[Stored data entries]:
____________________

lemma dressing_map_parts:
  assumes "\<mu> \<noteq> 0" "\<mu> \<noteq> 1"
  defines "w \<equiv> (cnj \<mu> - 1) / (cnj \<mu> * (1 - \<mu>))"
  shows "cpart (dressing_map \<mu> x y) = cpart x"
    and "jpart (dressing_map \<mu> x y) =
           jpart x * (w * (1 + of_real ((cmod \<mu>)\<^sup>2)) / 2) + jpart y * (\<i> * (w * (1 - of_real ((cmod \<mu>)\<^sup>2)) / 2))"
proof -
  have n0: "cnj \<mu> \<noteq> 0" using assms(1) by simp
  have norm2: "\<mu> * cnj \<mu> = of_real ((cmod \<mu>)\<^sup>2)" by (metis complex_norm_square of_real_power)
  note coeff = dressing_coefficients[OF assms(1,2) n0, folded w_def, unfolded norm2]
  define c1 c2 c3 where "c1 = (sfd_a \<mu> - 1) / 2" and "c2 = sfd_b \<mu> / 2"
    and "c3 = sfd_b \<mu> / (sfd_a \<mu> - 1)"
  have conj_coeffs: "cnj c1 = ((cnj \<mu> + inverse (cnj \<mu>)) / 2 - 1) / 2"
    "cnj c2 = - \<i> * (inverse (cnj \<mu>) - cnj \<mu>) / 2 / 2"
    by (simp_all add: c1_def c2_def sfd_a_def sfd_b_def)
  have "cpart (dressing_map \<mu> x y) = - (cpart x * c1) + cpart y * c2 - c3 * (cpart x * c2 + cpart y * c1)"
    by (simp add: dressing_map_def Let_def c1_def c2_def c3_def)
  also have "\<dots> = cpart x * (- c1 - c3 * c2) + cpart y * (c2 - c3 * c1)"
    by (simp add: algebra_simps)
  also have "\<dots> = cpart x"
    unfolding c1_def c2_def c3_def sfd_a_def sfd_b_def coeff(1,2) by simp
  finally show "cpart (dressing_map \<mu> x y) = cpart x" .
  have "jpart (dressing_map \<mu> x y) =
          - (jpart x * cnj c1) + jpart y * cnj c2 - c3 * (jpart x * cnj c2 + jpart y * cnj c1)"
    by (simp add: dressing_map_def Let_def c1_def c2_def c3_def)
  also have "\<dots> = jpart x * (- cnj c1 - c3 * cnj c2) + jpart y * (cnj c2 - c3 * cnj c1)"
    by (simp add: algebra_simps)
  also have "\<dots> =
      jpart x * (w * (1 + of_real ((cmod \<mu>)\<^sup>2)) / 2) + jpart y * (\<i> * (w * (1 - of_real ((cmod \<mu>)\<^sup>2)) / 2))"
    unfolding conj_coeffs c3_def sfd_a_def sfd_b_def coeff(3,4) ..
  finally show "jpart (dressing_map \<mu> x y) =
      jpart x * (w * (1 + of_real ((cmod \<mu>)\<^sup>2)) / 2) + jpart y * (\<i> * (w * (1 - of_real ((cmod \<mu>)\<^sup>2)) / 2))" .
qed

lemma dressing_polar:
  fixes \<mu> w :: complex and s t :: real
  assumes "\<mu> \<noteq> 0" and "s = - ln (cmod \<mu>)" and "exp (of_real s + \<i> * of_real t) = w"
  shows "w * (1 + of_real ((cmod \<mu>)\<^sup>2)) / 2 = cis t * of_real (cosh s)"
    and "w * (1 - of_real ((cmod \<mu>)\<^sup>2)) / 2 = cis t * of_real (sinh s)"
proof -
  define r where "r = cmod \<mu>"
  have r0: "r > 0" using assms(1) by (simp add: r_def)
  have exp_s: "exp s = inverse r" "exp (- s) = r"
    using r0 by (simp_all add: assms(2) r_def exp_minus)
  have w: "w = of_real (inverse r) * cis t"
    using assms(3) exp_s(1) by (simp add: exp_add cis_conv_exp exp_of_real)
  show "w * (1 + of_real ((cmod \<mu>)\<^sup>2)) / 2 = cis t * of_real (cosh s)"
    unfolding w cosh_def exp_s r_def[symmetric] using r0 by (simp add: field_simps power2_eq_square)
  show "w * (1 - of_real ((cmod \<mu>)\<^sup>2)) / 2 = cis t * of_real (sinh s)"
    unfolding w sinh_def exp_s r_def[symmetric] using r0 by (simp add: field_simps power2_eq_square)
qed

text \<open>The dressed period: the C-component of \<tau> is kept, the j-component is
  cis t (cosh s jpart \<tau> + i sinh s jpart \<tau>s), written out in real coordinates.\<close>
lemma dressed_period:
  assumes "\<mu> \<noteq> 0" "\<mu> \<noteq> 1" "s = - ln (cmod \<mu>)"
    and "exp (of_real s + \<i> * of_real t) = (cnj \<mu> - 1) / (cnj \<mu> * (1 - \<mu>))"
  shows "dressing_map \<mu> \<tau> \<tau>s = quat (\<tau>$1) (\<tau>$2)
           (cos t * (\<tau>$3 * cosh s - \<tau>s$4 * sinh s) - sin t * (\<tau>$4 * cosh s + \<tau>s$3 * sinh s))
           (sin t * (\<tau>$3 * cosh s - \<tau>s$4 * sinh s) + cos t * (\<tau>$4 * cosh s + \<tau>s$3 * sinh s))"
proof -
  note polar = dressing_polar[OF assms(1,3,4)]
  have "jpart (dressing_map \<mu> \<tau> \<tau>s) =
          cis t * (of_real (cosh s) * jpart \<tau> + \<i> * of_real (sinh s) * jpart \<tau>s)"
    unfolding dressing_map_parts(2)[OF assms(1,2)] polar by (simp add: algebra_simps)
  then show ?thesis
    by (simp add: quat_eq_iff_parts dressing_map_parts(1)[OF assms(1,2)])
       (simp add: cpart_def jpart_def complex_eq_iff algebra_simps)
qed
lemma descent_tops_Cons_Cons [simp]:
  "descent_tops (a # b # r) = (if b < a then a # descent_tops (b # r) else descent_tops (b # r))"
  unfolding descent_tops_def
  by (simp add: upt_conv_Cons map_Suc_upt[symmetric] comp_def del: upt_Suc cong: if_cong)

lemma set_descent_tops: "set (descent_tops w) \<subseteq> set w"
  by (induction w rule: induct_list012) auto

lemma descent_tops_append_max:
  assumes "\<forall>a\<in>set L. a < m" "\<forall>a\<in>set R. a < m"
  shows "descent_tops (L @ m # R) = descent_tops L @ (if R = [] then [] else m # descent_tops R)"
  using assms by (induction L rule: induct_list012) (cases R; auto)+

lemma stack_sort_Nil [simp]: "stack_sort [] = []"
  by (simp add: stack_sort.simps)

lemma stack_sort_split_Max:
  assumes "m = Max (set w)" "w = L @ m # R" "m \<notin> set L"
  shows "stack_sort w = stack_sort L @ stack_sort R @ [m]"
proof -
  have "takeWhile (\<lambda>y. y \<noteq> m) w = L" "dropWhile (\<lambda>y. y \<noteq> m) w = m # R"
    using assms(2,3) by (simp_all add: takeWhile_append dropWhile_append)
  with assms show ?thesis by (subst stack_sort.simps) (simp add: Let_def)
qed

lemma split_list_first_Max:
  assumes "w \<noteq> []"
  obtains L R where "w = L @ Max (set w) # R" "Max (set w) \<notin> set L"
  using split_list_first[OF Max_in[of "set w"]] assms by auto

lemma set_stack_sort: "set (stack_sort w) = set w"
proof (induction "length w" arbitrary: w rule: less_induct)
  case less
  show ?case
  proof (cases "w = []")
    case False
    define m where "m = Max (set w)"
    obtain L R where w: "w = L @ m # R" "m \<notin> set L"
      using split_list_first_Max[OF False] unfolding m_def by blast
    then have "stack_sort w = stack_sort L @ stack_sort R @ [m]"
      using m_def by (simp add: stack_sort_split_Max)
    moreover have "set (stack_sort L) = set L" "set (stack_sort R) = set R"
      using less w(1) by simp_all
    ultimately show ?thesis using w(1) by auto
  qed simp
qed
lemma tr_Fp_poly_eq:
  assumes "\<forall>i. coeff f i \<in> ffield_set (p ^ n)"
  shows "tr_Fp p (n * r) (poly f (x :: 'a)) = (\<Sum>i\<le>degree f. tr_Fp p n (coeff f i * tr_Fp (p ^ n) r (x ^ i)))"
proof -
  have "tr_Fp p (n * r) (coeff f i * x ^ i) = tr_Fp p n (coeff f i * tr_Fp (p ^ n) r (x ^ i))" for i
    using tr_Fp_tower[OF CHAR_p prime_p, of 1 n r] tr_Fp_mult_left[of "coeff f i" "p ^ n"] assms
    by (simp add: ffield_set_def)
  moreover have "tr_Fp p (n * r) (poly f x) = (\<Sum>i\<le>degree f. tr_Fp p (n * r) (coeff f i * x ^ i))"
    unfolding poly_altdef by (rule tr_Fp_sum[OF CHAR_p prime_p, of 1, unfolded power_one_right])
  ultimately show ?thesis
    by simp
qed

lemma tr_Fp_poly_eq_linear_form:
  assumes sign: "\<epsilon> = 1 \<or> \<epsilon> = -1" and "\<forall>i. coeff f i \<in> ffield_set (p ^ n)"
  shows "tr_Fp p (n * r) (poly f \<alpha>) + of_int \<epsilon> * tr_Fp p (n * s) (poly f (\<beta> :: 'a)) =
    (\<Sum>i\<le>degree f. tr_Fp p n (coeff f i * trace_form_coeff (p ^ n) r s \<alpha> \<beta> \<epsilon> i))"
proof -
  have sign_fix: "(of_int \<epsilon> :: 'a) ^ p = of_int \<epsilon>"
    using ffield_set_of_int_sign[OF CHAR_p prime_p sign, of 1] by (simp add: ffield_set_def)
  have "tr_Fp p (n * r) (poly f \<alpha>) + of_int \<epsilon> * tr_Fp p (n * s) (poly f \<beta>) =
      (\<Sum>i\<le>degree f. tr_Fp p n (coeff f i * tr_Fp (p ^ n) r (\<alpha> ^ i)) +
        of_int \<epsilon> * tr_Fp p n (coeff f i * tr_Fp (p ^ n) s (\<beta> ^ i)))"
    using assms(2) by (simp add: tr_Fp_poly_eq sum_distrib_left sum.distrib)
  also have "\<dots> = (\<Sum>i\<le>degree f. tr_Fp p n (coeff f i * trace_form_coeff (p ^ n) r s \<alpha> \<beta> \<epsilon> i))"
    using tr_Fp_add[OF CHAR_p prime_p, of 1] tr_Fp_mult_left[OF sign_fix]
    by (simp add: trace_form_coeff_def distrib_left mult.left_commute[of _ "of_int \<epsilon>"])
  finally show ?thesis .
qed

lemma trace_form_coeff_in_ffield_set:
  assumes "\<epsilon> = 1 \<or> \<epsilon> = -1" and "\<alpha> \<in> ffield_set ((p ^ n) ^ r)" and "(\<beta> :: 'a) \<in> ffield_set ((p ^ n) ^ s)"
  shows "trace_form_coeff (p ^ n) r s \<alpha> \<beta> \<epsilon> i \<in> ffield_set (p ^ n)"
  unfolding trace_form_coeff_def
  using ffield_set_power[OF assms(2), of i] ffield_set_power[OF assms(3), of i]
  by (intro ffield_set_add[OF CHAR_p prime_p] ffield_set_mult tr_Fp_in_ffield_set[OF CHAR_p prime_p]
      ffield_set_of_int_sign[OF CHAR_p prime_p assms(1)]) (simp_all add: ffield_set_def)

end

lemma average_trace_char_Fam:
  fixes \<psi> :: "'a::{field,finite} \<Rightarrow> complex" and \<epsilon> :: int
  assumes prime_p: "prime p" and card_UNIV: "card (UNIV :: 'a set) = p ^ N" and "n dvd N" and "n > 0"
    and \<psi>: "nontriv_add_char p \<psi>" and "\<not> p dvd d" and sign: "\<epsilon> = 1 \<or> \<epsilon> = -1"
    and "r > 0" and "s > 0" and "r + s < d"
    and \<alpha>: "\<alpha> \<in> ffield_set ((p ^ n) ^ r)" "\<alpha> \<noteq> 0" and \<beta>: "\<beta> \<in> ffield_set ((p ^ n) ^ s)" "\<beta> \<noteq> 0"
    and g: "is_min_poly (ffield_set (p ^ n)) \<alpha> g" and h: "is_min_poly (ffield_set (p ^ n)) \<beta> h"
  shows "(\<Sum>f\<in>Fam p (p ^ n) d. \<psi> (tr_Fp p (n * r) (poly f \<alpha>) + of_int \<epsilon> * tr_Fp p (n * s) (poly f \<beta>)))
           / of_nat (card (Fam p (p ^ n) d :: 'a poly set))
         = (if (g = h \<and> int (p * degree g) dvd int r + \<epsilon> * int s)
               \<or> (\<alpha> \<in> A_set p (p ^ n) r \<and> \<beta> \<in> A_set p (p ^ n) s) then 1 else 0)"
proof -
  have CHAR_p: "CHAR('a) = p"
    using CHAR_eq_of_card_eq_prime_power[OF prime_p card_UNIV] .
  have \<alpha>_periodic: "\<alpha> ^ (p ^ n) ^ r = \<alpha>" and \<beta>_periodic: "\<beta> ^ (p ^ n) ^ s = \<beta>"
    using \<alpha>(1) \<beta>(1) by (simp_all add: ffield_set_def)
  note trace_form_lemmas = trace_form_coeff_eq_0_iff trace_form_coeff_coprime_nonzero
  note trace_form = trace_form_lemmas[OF CHAR_p prime_p sign \<open>r > 0\<close> \<alpha>_periodic \<alpha>(2)
      \<open>s > 0\<close> \<beta>_periodic \<beta>(2) g h]
  define u where "u = trace_form_coeff (p ^ n) r s \<alpha> \<beta> \<epsilon>"
  have sum_eq: "(\<Sum>f\<in>Fam p (p ^ n) d. \<psi> (tr_Fp p (n * r) (poly f \<alpha>) + of_int \<epsilon> * tr_Fp p (n * s) (poly f \<beta>)))
      = (\<Sum>f\<in>Fam p (p ^ n) d. \<psi> (\<Sum>i\<le>d. tr_Fp p n (coeff f i * u i)))"
    using tr_Fp_poly_eq_linear_form[OF CHAR_p prime_p sign] by (intro sum.cong refl) (simp add: Fam_def u_def)
  show ?thesis
  proof (cases "(g = h \<and> int (p * degree g) dvd int r + \<epsilon> * int s) \<or> (\<alpha> \<in> A_set p (p ^ n) r \<and> \<beta> \<in> A_set p (p ^ n) s)")
    case True
    then have "u i = 0" for i
      using trace_form(1) by (simp add: u_def)
    then have "(\<Sum>f\<in>Fam p (p ^ n) d. \<psi> (\<Sum>i\<le>d. tr_Fp p n (coeff f i * u i)))
        = of_nat (card (Fam p (p ^ n) d :: 'a poly set))"
      using nontriv_add_char_0[OF \<psi>] prime_gt_0_nat[OF prime_p] by (simp add: tr_Fp_0)
    moreover have "card (Fam p (p ^ n) d :: 'a poly set) > 0"
      using \<open>\<not> p dvd d\<close> prime_gt_0_nat[OF prime_p] by (intro card_Fam_pos) simp_all
    ultimately show ?thesis
      using True by (simp add: sum_eq)
  next
    case False
    then obtain i0 where "i0 < d" "\<not> p dvd i0" "u i0 \<noteq> 0"
      using trace_form(2)[OF \<open>r + s < d\<close>] by (auto simp: u_def)
    then show ?thesis
      using sum_Fam_char_linear_form_eq_0[OF CHAR_p prime_p card_UNIV \<open>n dvd N\<close> \<open>n > 0\<close> \<psi>]
        trace_form_coeff_in_ffield_set[OF CHAR_p prime_p sign \<alpha>(1) \<beta>(1)] False
      by (simp add: sum_eq u_def)
  qed
qed
(* For each $n\in\mathbb{N}$ let $L_n\in\{n-1,n\}$ and let $S_{\mathbf{a}^n}$ be a linear binary subdivision scheme of the form \[ (S_{\mathbf{a}^n} \mathbf{f})_{2j} = \sum_{l=1-n}^{L_n} a^{n,0}_{l} f_{j+l}, \qquad (S_{\mathbf{a}^n} \mathbf{f})_{2j + 1} = \sum_{l=1-n}^{L_n+1} a^{n,1}_{l} f_{j+l}, \qquad j\in\mathbb{Z}, \] which is odd-symmetric, i.e. $a^{n,0}_l=a^{n,0}_{L_n+1-n-l}$ for $l=1-n,\ldots,L_n$ and $a^{n,1}_l=a^{n,1}_{L_n+2-n-l}$ for $l=1-n,\ldots,L_n+1$, and which reproduces constants: $\sum_{l} a^{n,0}_l=\sum_{l} a^{n,1}_l=1$. Let $r:[-1,1]\to\mathbb{R}$ be $\mathcal{C}^1$, $R(t):=\int_{-1}^t r(s)\,ds$, and assume there are $\alpha>2$, $\mu>0$ such that for all $n$ and all $j=1-n,\ldots,L_n$, \[ a^{n,0}_{j} - a^{n,1}_{j} = r(j/n)\,n^{-2} + \varepsilon^n_j, \qquad |\varepsilon^n_j| \leq \mu n^{-\alpha}, \] and $\int_{-1}^1|R(t)|\,dt<1$. Then there exists $n_0$ such that $S_{\mathbf{a}^n}$ is (uniformly) convergent for every $n>n_0$. If moreover $\alpha=3$, one may take, with $\|R\|_1=\int_{-1}^1|R|$, $\|r\|_\infty=\max_{[-1,1]}|r|$, $\|r'\|_\infty=\max_{[-1,1]}|r'|$ and $B=\|r\|_\infty+2(\mu+\|r'\|_\infty)$, \[ n_0=\frac{\sqrt{B^2+4(\|R\|_1-1)(\mu+\|r'\|_\infty)}+B}{2(1-\|R\|_1)} \ \text{ if } L_n=n-1, \qquad n_0=\frac{\sqrt{B^2+4(1-\|R\|_1)\mu}+B}{2(1-\|R\|_1)} \ \text{ if } L_n=n. \]
   Context: A subdivision scheme $S$ is (uniformly) convergent if for every bounded real sequence $\mathbf{f}^0$ there is a continuous $F:\mathbb{R}\to\mathbb{R}$ with $\lim_{k\to\infty}\sup_{j\in\mathbb{Z}}|(S^k\mathbf{f}^0)_j-F(2^{-k}j)|=0$. *)

theory Defs
  imports "HOL-Analysis.Analysis"
begin

definition subdiv ::
  "(int \<Rightarrow> real) \<Rightarrow> (int \<Rightarrow> real) \<Rightarrow> int \<Rightarrow> int \<Rightarrow> (int \<Rightarrow> real) \<Rightarrow> int \<Rightarrow> real" where
  "subdiv a0 a1 lo hi f j =
     (if even j then (\<Sum>l\<in>{lo..hi}. a0 l * f (j div 2 + l))
      else (\<Sum>l\<in>{lo..hi+1}. a1 l * f (j div 2 + l)))"

definition convergent_scheme :: "((int \<Rightarrow> real) \<Rightarrow> (int \<Rightarrow> real)) \<Rightarrow> bool" where
  "convergent_scheme S \<longleftrightarrow>
     (\<forall>f0 :: int \<Rightarrow> real. bounded (range f0) \<longrightarrow>
        (\<exists>F :: real \<Rightarrow> real. continuous_on UNIV F \<and>
           (\<forall>e>0. \<exists>K. \<forall>k\<ge>K. \<forall>j. \<bar>(S ^^ k) f0 j - F (real_of_int j / 2 ^ k)\<bar> \<le> e)))"

end

theory Submission
  imports Defs
begin

text \<open>
  A scheme reproducing constants converges as soon as its difference sequences contract by a
  fixed factor q < 1 per step: the piecewise constant interpolants of the refined sequences then
  converge uniformly at a geometric rate to a continuous limit. For an odd-symmetric scheme,
  summation by parts shows that the difference scheme has the coefficients
  b_k = sum_{m <= k} (a0_m - a1_m), so one may take q = sum_k |b_k|.
  If a0_j - a1_j is r(j/n)/n^2 up to mu n^-alpha, then n b_k is a right Riemann sum for
  R(x_k), and sum_k |b_k| is in turn a Riemann sum for the L1 norm of R. The resulting bound
  |R|_1 + O(1/n) + O(n^(2 - alpha)) is below 1 for large n. For alpha = 3 all error terms are
  explicit, and multiplying the bound by n^2 gives a quadratic inequality in n whose larger
  root is the threshold n0.
\<close>

section \<open>Convergence of contractive schemes\<close>

lemma abs_diff_le_int_steps:
  fixes g :: "int \<Rightarrow> real"
  assumes step: "\<And>i. \<bar>g (i + 1) - g i\<bar> \<le> D"
  shows "\<bar>g j - g i\<bar> \<le> of_int \<bar>j - i\<bar> * D"
proof -
  have nat_steps: "\<bar>g (i + int k) - g i\<bar> \<le> real k * D" for i k
  proof (induction k)
    case (Suc k)
    have "\<bar>g (i + int (Suc k)) - g i\<bar> \<le> \<bar>g (i + int k + 1) - g (i + int k)\<bar> + \<bar>g (i + int k) - g i\<bar>"
      by (simp add: add.assoc add.commute[of 1])
    also have "\<dots> \<le> D + real k * D" using step Suc by (rule add_mono)
    finally show ?case by (simp add: algebra_simps)
  qed simp
  show ?thesis
  proof (cases "i \<le> j")
    case True
    then show ?thesis using nat_steps[of i "nat (j - i)"] by simp
  next
    case False
    then show ?thesis using nat_steps[of j "nat (i - j)"] by (simp add: abs_minus_commute)
  qed
qed

lemma abs_diff_floor_le:
  fixes g :: "int \<Rightarrow> real" and x y :: real
  assumes step: "\<And>i. \<bar>g (i + 1) - g i\<bar> \<le> D" and "\<bar>y - x\<bar> < 1"
  shows "\<bar>g \<lfloor>y\<rfloor> - g \<lfloor>x\<rfloor>\<bar> \<le> D"
proof -
  have "D \<ge> 0" using step[of 0] by simp
  moreover have "\<bar>\<lfloor>y\<rfloor> - \<lfloor>x\<rfloor>\<bar> \<le> 1" using \<open>\<bar>y - x\<bar> < 1\<close> by linarith
  ultimately have "of_int \<bar>\<lfloor>y\<rfloor> - \<lfloor>x\<rfloor>\<bar> * D \<le> D"
    by (intro mult_left_le_one_le) simp_all
  with abs_diff_le_int_steps[of g, OF step] show ?thesis by (rule order_trans)
qed

lemma floor_double_cases: "\<lfloor>2 * y\<rfloor> - 2 * \<lfloor>y\<rfloor> \<in> {0, 1}" for y :: real
proof -
  have "2 * \<lfloor>y\<rfloor> \<le> \<lfloor>2 * y\<rfloor>" by (simp add: le_floor_iff)
  moreover have "\<lfloor>2 * y\<rfloor> < 2 * \<lfloor>y\<rfloor> + 2" by (simp add: floor_less_iff) linarith
  ultimately show ?thesis by auto
qed

lemma uniform_limit_of_geometric_increments:
  fixes G :: "nat \<Rightarrow> 'a \<Rightarrow> real"
  assumes q: "0 \<le> q" "q < 1" and step: "\<And>k x. \<bar>G (Suc k) x - G k x\<bar> \<le> C * q ^ k"
  shows "\<exists>F. \<forall>k x. \<bar>F x - G k x\<bar> \<le> C * q ^ k / (1 - q)"
proof -
  have geom: "(\<lambda>i. C * q ^ k * q ^ i) sums (C * q ^ k / (1 - q))" for k
    using sums_mult[OF geometric_sums[of q], of "C * q ^ k"] q by simp
  define d where "d x i = G (Suc i) x - G i x" for x i
  have summ: "summable (d x)" for x
  proof (rule summable_comparison_test')
    show "summable (\<lambda>i. C * q ^ 0 * q ^ i)" using geom[of 0] by (rule sums_summable)
  qed (use step in \<open>simp add: d_def\<close>)
  define F where "F x = G 0 x + suminf (d x)" for x
  have "\<bar>F x - G k x\<bar> \<le> C * q ^ k / (1 - q)" for k x
  proof -
    have "(\<Sum>i<k. d x i) = G k x - G 0 x"
      unfolding d_def by (rule sum_lessThan_telescope)
    then have "suminf (d x) = (\<Sum>i. d x (i + k)) + (G k x - G 0 x)"
      using suminf_split_initial_segment[OF summ, of x k] by simp
    then have "F x - G k x = (\<Sum>i. d x (i + k))" unfolding F_def by simp
    also have "\<bar>\<dots>\<bar> \<le> (\<Sum>i. C * q ^ k * q ^ i)"
      unfolding real_norm_def[symmetric]
    proof (rule norm_suminf_le)
      show "norm (d x (i + k)) \<le> C * q ^ k * q ^ i" for i
        using step[of "i + k" x] by (simp add: d_def power_add mult_ac)
    qed (use geom in \<open>rule sums_summable\<close>)
    also have "\<dots> = C * q ^ k / (1 - q)"
      using geom by (rule sums_unique[symmetric])
    finally show ?thesis .
  qed
  then show ?thesis by blast
qed

lemma continuous_on_if_uniformly_approximated:
  fixes F :: "real \<Rightarrow> real" and G :: "nat \<Rightarrow> real \<Rightarrow> real"
  assumes approx: "\<And>k x. \<bar>F x - G k x\<bar> \<le> T k"
    and oscillation: "\<And>k x y. \<bar>y - x\<bar> < \<delta> k \<Longrightarrow> \<bar>G k y - G k x\<bar> \<le> T k"
    and \<delta>: "\<And>k. 0 < \<delta> k" and T: "T \<longlonglongrightarrow> 0"
  shows "continuous_on UNIV F"
  unfolding continuous_on_iff
proof (intro ballI allI impI)
  fix x \<epsilon> :: real assume "0 < \<epsilon>"
  then have "\<forall>\<^sub>F k in sequentially. 3 * T k < \<epsilon>"
    using tendsto_mult_left[OF T, of 3] by (intro order_tendstoD) auto
  then obtain k where k: "3 * T k < \<epsilon>" by (auto simp: eventually_sequentially)
  have "dist (F y) (F x) < \<epsilon>" if "dist y x < \<delta> k" for y
  proof -
    have "\<bar>F y - G k y\<bar> \<le> T k" "\<bar>F x - G k x\<bar> \<le> T k" "\<bar>G k y - G k x\<bar> \<le> T k"
      using approx oscillation that by (simp_all add: dist_real_def)
    then show ?thesis using k by (simp add: dist_real_def)
  qed
  then show "\<exists>d>0. \<forall>y\<in>UNIV. dist y x < d \<longrightarrow> dist (F y) (F x) < \<epsilon>"
    using \<delta> by blast
qed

____________________

[About this exercise]: All lines from the opening of the records through the line where "(metis complex_norm_square of_real_power)" occurs are to be output verbatim. No other line belongs in the answer.

[Response area]:
lemma dressing_map_parts:
  assumes "\<mu> \<noteq> 0" "\<mu> \<noteq> 1"
  defines "w \<equiv> (cnj \<mu> - 1) / (cnj \<mu> * (1 - \<mu>))"
  shows "cpart (dressing_map \<mu> x y) = cpart x"
    and "jpart (dressing_map \<mu> x y) =
           jpart x * (w * (1 + of_real ((cmod \<mu>)\<^sup>2)) / 2) + jpart y * (\<i> * (w * (1 - of_real ((cmod \<mu>)\<^sup>2)) / 2))"
proof -
  have n0: "cnj \<mu> \<noteq> 0" using assms(1) by simp
  have norm2: "\<mu> * cnj \<mu> = of_real ((cmod \<mu>)\<^sup>2)" by (metis complex_norm_square of_real_power)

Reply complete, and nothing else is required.